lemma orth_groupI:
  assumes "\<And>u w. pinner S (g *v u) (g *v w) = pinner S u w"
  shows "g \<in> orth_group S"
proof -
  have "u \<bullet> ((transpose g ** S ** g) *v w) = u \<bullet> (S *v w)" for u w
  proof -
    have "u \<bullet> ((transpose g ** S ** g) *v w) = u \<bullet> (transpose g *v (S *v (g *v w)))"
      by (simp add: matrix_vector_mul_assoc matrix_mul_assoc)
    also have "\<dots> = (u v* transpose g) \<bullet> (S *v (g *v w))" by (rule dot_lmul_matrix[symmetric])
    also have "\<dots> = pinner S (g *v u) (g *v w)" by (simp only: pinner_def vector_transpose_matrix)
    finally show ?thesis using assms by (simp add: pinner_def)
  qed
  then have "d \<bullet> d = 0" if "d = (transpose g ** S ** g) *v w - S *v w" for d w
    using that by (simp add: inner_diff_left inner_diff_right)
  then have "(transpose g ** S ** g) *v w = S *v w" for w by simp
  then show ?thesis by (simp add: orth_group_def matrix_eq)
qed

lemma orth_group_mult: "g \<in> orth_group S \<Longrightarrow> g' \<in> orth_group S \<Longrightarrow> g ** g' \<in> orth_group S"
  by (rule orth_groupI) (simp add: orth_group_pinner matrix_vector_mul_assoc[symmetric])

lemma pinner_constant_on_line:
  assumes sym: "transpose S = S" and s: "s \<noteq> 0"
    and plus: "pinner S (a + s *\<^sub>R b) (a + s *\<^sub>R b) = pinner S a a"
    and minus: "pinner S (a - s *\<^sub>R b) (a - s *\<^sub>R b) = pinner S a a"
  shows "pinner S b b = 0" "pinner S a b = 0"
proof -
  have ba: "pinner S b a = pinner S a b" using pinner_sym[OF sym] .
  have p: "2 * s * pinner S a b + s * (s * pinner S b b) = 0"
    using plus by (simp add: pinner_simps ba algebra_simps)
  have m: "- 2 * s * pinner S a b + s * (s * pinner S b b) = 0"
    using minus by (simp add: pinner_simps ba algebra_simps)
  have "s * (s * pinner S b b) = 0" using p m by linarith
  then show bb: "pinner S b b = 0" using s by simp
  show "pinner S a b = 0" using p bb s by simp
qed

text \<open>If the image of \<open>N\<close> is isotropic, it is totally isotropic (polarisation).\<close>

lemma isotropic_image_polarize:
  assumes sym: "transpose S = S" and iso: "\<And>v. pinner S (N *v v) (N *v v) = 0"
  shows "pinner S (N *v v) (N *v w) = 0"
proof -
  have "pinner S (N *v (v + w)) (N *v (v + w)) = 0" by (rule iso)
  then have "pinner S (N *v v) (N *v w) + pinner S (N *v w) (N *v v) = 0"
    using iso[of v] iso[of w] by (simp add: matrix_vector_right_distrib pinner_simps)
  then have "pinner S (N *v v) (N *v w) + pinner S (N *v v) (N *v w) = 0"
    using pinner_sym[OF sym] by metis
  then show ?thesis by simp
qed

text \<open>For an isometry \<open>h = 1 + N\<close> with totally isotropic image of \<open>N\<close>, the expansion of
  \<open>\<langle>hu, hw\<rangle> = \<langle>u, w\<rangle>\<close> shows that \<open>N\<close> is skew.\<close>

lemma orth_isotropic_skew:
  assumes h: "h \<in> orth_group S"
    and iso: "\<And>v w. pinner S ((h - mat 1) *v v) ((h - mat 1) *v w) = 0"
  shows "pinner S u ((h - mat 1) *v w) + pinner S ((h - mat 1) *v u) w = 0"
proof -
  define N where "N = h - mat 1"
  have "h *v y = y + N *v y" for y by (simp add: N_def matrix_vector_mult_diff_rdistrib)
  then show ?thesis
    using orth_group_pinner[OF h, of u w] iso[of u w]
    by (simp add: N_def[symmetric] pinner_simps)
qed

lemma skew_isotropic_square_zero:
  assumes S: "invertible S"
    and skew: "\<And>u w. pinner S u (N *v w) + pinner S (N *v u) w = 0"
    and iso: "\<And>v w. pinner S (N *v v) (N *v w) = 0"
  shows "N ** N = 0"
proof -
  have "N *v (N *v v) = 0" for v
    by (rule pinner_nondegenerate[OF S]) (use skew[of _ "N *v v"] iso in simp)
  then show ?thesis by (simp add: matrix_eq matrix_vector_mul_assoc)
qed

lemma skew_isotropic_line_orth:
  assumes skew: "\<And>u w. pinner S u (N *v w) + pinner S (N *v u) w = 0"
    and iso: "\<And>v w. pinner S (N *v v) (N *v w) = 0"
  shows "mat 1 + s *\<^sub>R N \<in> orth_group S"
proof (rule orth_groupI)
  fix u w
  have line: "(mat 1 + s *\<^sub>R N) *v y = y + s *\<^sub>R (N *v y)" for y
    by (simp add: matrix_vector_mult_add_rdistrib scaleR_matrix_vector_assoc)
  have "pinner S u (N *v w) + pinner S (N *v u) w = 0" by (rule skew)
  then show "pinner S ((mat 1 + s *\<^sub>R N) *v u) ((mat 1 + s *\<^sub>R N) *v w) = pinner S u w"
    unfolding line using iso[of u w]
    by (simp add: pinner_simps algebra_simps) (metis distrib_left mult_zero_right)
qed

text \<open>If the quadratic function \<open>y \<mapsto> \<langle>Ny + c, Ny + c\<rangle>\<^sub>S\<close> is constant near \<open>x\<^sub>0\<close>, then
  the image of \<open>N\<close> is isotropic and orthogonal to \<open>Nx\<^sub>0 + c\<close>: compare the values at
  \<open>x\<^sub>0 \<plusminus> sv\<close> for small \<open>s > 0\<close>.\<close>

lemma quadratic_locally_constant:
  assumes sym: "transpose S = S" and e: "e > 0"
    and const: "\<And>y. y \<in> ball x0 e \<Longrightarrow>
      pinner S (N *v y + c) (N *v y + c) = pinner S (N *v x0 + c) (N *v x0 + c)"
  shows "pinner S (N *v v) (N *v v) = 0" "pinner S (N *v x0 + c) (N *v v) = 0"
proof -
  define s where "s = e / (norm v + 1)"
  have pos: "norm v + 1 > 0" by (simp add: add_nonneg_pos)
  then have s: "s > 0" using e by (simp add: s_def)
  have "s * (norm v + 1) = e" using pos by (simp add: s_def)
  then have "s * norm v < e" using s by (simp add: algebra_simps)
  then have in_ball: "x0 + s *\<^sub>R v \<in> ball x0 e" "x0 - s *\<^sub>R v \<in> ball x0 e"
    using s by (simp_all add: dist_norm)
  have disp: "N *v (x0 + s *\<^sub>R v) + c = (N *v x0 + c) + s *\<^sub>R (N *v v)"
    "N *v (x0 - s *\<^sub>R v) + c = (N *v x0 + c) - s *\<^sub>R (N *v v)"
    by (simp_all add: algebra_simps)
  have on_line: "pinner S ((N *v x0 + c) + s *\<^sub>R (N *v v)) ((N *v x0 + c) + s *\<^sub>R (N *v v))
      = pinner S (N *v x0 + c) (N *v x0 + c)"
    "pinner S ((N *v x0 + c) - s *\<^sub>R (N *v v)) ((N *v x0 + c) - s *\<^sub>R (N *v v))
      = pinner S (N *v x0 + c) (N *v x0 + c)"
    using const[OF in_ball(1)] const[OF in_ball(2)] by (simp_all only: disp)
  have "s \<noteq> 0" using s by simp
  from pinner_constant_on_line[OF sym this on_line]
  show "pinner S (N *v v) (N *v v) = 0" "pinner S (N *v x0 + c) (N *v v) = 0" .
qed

━━━━━━━━━━

* [Assigned task]: The answer should consist only of the lines from the one with "e by (simp add: s_def)" to the final line of the records above, retyped word for word.

* [Worked solution]:
  then have s: "s > 0" using e by (simp add: s_def)
  have "s * (norm v + 1) = e" using pos by (simp add: s_def)
  then have "s * norm v < e" using s by (simp add: algebra_simps)
  then have in_ball: "x0 + s *\<^sub>R v \<in> ball x0 e" "x0 - s *\<^sub>R v \<in> ball x0 e"
    using s by (simp_all add: dist_norm)
  have disp: "N *v (x0 + s *\<^sub>R v) + c = (N *v x0 + c) + s *\<^sub>R (N *v v)"
    "N *v (x0 - s *\<^sub>R v) + c = (N *v x0 + c) - s *\<^sub>R (N *v v)"
    by (simp_all add: algebra_simps)
  have on_line: "pinner S ((N *v x0 + c) + s *\<^sub>R (N *v v)) ((N *v x0 + c) + s *\<^sub>R (N *v v))
      = pinner S (N *v x0 + c) (N *v x0 + c)"
    "pinner S ((N *v x0 + c) - s *\<^sub>R (N *v v)) ((N *v x0 + c) - s *\<^sub>R (N *v v))
      = pinner S (N *v x0 + c) (N *v x0 + c)"
    using const[OF in_ball(1)] const[OF in_ball(2)] by (simp_all only: disp)
  have "s \<noteq> 0" using s by simp
  from pinner_constant_on_line[OF sym this on_line]
  show "pinner S (N *v v) (N *v v) = 0" "pinner S (N *v x0 + c) (N *v v) = 0" .
qed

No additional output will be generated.